From the entries below, return only the lines starting at the one that contains "proof (rule eq_matI)" and ending at the one that contains "(A *\<^sub>v unit_vec", exactly as they stand.
** Opening Given data block **
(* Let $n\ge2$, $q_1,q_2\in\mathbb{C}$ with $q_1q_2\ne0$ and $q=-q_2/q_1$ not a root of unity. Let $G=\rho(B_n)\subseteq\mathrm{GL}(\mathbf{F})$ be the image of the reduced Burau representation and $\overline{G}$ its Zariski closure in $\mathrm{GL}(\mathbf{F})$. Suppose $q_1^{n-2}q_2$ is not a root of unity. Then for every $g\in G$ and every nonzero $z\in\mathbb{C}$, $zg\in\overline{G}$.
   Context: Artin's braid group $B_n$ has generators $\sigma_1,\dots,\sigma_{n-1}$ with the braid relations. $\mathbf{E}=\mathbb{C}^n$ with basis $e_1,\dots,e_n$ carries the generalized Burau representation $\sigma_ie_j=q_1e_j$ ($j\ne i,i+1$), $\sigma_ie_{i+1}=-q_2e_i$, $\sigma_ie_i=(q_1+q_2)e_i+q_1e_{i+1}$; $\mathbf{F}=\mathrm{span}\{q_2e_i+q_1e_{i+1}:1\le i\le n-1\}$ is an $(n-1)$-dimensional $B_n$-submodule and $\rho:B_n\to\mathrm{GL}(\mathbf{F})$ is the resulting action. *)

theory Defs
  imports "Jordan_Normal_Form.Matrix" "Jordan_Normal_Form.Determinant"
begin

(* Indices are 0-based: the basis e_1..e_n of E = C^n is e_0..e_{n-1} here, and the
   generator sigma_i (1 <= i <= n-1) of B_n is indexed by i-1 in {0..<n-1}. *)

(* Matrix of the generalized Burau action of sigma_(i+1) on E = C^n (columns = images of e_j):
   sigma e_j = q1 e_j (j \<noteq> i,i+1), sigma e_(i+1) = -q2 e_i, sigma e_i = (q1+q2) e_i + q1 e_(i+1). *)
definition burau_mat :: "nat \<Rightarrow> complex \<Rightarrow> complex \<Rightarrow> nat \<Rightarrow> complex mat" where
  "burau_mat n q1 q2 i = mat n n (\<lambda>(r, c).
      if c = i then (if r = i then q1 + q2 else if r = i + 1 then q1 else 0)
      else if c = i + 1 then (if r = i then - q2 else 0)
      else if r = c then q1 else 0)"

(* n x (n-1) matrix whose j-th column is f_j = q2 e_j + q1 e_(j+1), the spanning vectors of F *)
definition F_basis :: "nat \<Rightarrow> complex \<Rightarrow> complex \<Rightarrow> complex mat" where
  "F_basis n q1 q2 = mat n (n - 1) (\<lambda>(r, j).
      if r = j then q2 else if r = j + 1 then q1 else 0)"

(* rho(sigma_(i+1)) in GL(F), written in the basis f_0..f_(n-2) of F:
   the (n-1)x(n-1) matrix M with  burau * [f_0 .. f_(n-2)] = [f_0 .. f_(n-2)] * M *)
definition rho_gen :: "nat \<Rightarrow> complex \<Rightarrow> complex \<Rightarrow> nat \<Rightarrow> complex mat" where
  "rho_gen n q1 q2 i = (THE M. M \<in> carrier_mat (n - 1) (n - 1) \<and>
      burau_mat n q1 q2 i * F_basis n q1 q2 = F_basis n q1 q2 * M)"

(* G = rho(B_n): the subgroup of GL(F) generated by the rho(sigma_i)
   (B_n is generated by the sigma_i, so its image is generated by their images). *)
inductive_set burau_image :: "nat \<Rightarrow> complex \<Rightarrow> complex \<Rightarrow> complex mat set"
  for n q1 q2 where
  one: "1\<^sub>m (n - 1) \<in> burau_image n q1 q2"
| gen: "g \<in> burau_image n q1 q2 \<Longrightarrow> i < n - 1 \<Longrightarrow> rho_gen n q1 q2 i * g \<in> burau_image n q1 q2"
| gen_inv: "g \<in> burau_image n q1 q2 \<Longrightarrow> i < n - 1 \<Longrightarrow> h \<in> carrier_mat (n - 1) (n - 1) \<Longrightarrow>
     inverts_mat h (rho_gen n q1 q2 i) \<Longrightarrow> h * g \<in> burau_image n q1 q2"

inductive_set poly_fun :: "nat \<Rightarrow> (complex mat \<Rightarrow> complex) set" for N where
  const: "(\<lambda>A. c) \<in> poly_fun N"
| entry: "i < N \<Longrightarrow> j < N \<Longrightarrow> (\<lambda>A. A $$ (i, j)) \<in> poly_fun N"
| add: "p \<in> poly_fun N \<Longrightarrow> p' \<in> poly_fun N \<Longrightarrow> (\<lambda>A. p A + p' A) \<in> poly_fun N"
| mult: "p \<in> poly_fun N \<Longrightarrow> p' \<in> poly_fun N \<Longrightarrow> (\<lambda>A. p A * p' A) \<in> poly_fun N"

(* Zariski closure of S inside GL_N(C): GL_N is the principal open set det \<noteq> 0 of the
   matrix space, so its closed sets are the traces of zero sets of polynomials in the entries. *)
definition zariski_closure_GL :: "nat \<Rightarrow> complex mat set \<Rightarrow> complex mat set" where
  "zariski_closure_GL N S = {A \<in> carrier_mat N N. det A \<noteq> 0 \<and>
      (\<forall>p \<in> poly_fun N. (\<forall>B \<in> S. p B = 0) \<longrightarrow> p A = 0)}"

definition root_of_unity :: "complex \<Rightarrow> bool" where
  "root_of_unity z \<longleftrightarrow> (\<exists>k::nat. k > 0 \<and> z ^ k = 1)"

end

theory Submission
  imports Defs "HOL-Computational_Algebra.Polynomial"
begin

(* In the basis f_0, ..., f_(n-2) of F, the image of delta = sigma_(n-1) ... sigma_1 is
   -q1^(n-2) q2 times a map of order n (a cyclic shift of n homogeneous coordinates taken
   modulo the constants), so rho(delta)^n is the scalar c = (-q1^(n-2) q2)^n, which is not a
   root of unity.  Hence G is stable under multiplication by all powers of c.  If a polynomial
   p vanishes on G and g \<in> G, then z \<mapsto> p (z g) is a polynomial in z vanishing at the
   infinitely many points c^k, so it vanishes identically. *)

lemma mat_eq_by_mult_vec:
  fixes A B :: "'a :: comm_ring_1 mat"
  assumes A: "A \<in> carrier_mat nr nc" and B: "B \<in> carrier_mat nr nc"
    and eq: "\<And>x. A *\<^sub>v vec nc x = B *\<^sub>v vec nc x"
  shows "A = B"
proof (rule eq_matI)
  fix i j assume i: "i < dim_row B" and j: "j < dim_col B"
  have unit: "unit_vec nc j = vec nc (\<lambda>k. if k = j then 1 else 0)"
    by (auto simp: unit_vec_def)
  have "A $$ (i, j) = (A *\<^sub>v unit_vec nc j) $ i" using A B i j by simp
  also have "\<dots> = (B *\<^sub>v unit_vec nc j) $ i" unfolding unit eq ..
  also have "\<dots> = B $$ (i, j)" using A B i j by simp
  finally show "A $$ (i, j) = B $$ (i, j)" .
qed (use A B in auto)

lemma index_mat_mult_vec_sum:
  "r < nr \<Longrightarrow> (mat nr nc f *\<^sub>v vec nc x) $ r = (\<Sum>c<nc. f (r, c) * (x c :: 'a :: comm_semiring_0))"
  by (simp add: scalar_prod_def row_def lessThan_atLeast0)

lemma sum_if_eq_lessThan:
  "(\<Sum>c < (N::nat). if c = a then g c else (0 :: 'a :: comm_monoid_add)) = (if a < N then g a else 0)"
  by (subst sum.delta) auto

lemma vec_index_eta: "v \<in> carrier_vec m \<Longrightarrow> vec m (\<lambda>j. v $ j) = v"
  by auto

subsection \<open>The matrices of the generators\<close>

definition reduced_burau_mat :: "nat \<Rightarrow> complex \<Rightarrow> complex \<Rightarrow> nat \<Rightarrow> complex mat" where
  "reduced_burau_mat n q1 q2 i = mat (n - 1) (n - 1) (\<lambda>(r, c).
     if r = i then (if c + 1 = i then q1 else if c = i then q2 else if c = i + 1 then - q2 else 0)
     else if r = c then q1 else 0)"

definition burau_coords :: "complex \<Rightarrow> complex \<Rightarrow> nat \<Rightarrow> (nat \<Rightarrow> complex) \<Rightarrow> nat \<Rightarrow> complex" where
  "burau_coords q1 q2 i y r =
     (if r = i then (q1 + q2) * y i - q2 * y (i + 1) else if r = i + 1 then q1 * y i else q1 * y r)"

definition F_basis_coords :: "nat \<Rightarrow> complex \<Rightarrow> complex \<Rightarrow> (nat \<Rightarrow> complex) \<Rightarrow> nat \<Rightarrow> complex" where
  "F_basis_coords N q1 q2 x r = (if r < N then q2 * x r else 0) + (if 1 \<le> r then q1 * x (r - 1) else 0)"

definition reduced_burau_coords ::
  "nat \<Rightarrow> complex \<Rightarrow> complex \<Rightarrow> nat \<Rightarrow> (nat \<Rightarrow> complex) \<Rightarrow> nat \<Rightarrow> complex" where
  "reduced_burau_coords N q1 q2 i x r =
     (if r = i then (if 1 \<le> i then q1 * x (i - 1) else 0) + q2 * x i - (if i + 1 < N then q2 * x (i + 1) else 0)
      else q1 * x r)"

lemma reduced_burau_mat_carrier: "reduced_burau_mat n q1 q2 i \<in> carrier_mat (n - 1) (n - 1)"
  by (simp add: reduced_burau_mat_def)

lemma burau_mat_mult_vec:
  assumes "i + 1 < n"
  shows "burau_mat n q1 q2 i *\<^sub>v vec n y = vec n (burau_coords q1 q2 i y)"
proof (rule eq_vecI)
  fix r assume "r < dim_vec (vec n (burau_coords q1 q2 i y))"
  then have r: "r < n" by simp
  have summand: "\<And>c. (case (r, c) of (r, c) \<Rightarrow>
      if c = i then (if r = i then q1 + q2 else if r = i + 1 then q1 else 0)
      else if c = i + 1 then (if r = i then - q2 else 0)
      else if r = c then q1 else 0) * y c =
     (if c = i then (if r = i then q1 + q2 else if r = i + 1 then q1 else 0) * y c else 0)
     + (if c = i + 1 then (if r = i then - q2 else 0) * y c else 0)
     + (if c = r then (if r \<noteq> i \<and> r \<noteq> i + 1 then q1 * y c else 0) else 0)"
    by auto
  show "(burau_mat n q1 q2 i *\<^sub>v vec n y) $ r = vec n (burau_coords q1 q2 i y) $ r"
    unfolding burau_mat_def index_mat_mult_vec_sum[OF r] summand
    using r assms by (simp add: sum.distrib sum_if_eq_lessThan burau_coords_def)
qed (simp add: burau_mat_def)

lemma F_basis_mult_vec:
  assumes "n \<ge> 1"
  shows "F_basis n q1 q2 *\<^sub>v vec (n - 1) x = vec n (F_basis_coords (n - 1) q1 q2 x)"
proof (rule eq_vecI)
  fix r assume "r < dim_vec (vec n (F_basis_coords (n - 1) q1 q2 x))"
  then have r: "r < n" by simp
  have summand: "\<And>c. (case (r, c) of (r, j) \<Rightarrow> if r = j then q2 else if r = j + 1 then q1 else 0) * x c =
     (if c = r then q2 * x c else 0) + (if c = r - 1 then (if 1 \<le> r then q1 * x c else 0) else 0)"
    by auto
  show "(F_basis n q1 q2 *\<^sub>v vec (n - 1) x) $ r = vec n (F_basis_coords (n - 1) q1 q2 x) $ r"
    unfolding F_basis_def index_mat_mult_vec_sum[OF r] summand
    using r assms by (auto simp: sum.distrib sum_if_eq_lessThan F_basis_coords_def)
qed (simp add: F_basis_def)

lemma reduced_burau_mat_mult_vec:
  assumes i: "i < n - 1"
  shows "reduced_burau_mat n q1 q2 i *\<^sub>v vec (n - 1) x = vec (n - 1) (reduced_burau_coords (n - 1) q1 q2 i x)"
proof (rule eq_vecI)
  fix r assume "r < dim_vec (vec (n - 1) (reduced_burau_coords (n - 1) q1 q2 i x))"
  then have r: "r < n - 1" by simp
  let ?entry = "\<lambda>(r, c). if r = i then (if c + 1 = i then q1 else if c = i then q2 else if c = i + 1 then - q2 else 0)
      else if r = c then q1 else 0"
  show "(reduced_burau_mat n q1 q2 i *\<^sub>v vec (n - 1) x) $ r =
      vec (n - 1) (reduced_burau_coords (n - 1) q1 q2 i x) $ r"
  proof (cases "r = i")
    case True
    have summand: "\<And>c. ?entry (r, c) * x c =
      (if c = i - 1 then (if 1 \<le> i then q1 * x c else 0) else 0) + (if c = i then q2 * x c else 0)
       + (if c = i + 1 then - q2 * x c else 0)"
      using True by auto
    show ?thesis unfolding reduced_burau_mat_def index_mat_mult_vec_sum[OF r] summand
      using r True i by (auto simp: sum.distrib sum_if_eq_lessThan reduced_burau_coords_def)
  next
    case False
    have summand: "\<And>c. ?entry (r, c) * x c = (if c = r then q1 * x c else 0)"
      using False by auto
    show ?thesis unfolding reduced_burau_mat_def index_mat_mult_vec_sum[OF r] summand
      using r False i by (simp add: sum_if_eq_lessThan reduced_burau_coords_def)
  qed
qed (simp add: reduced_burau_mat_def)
** Closing Given data block **
Final answer -
proof (rule eq_matI)
  fix i j assume i: "i < dim_row B" and j: "j < dim_col B"
  have unit: "unit_vec nc j = vec nc (\<lambda>k. if k = j then 1 else 0)"
    by (auto simp: unit_vec_def)
  have "A $$ (i, j) = (A *\<^sub>v unit_vec nc j) $ i" using A B i j by simp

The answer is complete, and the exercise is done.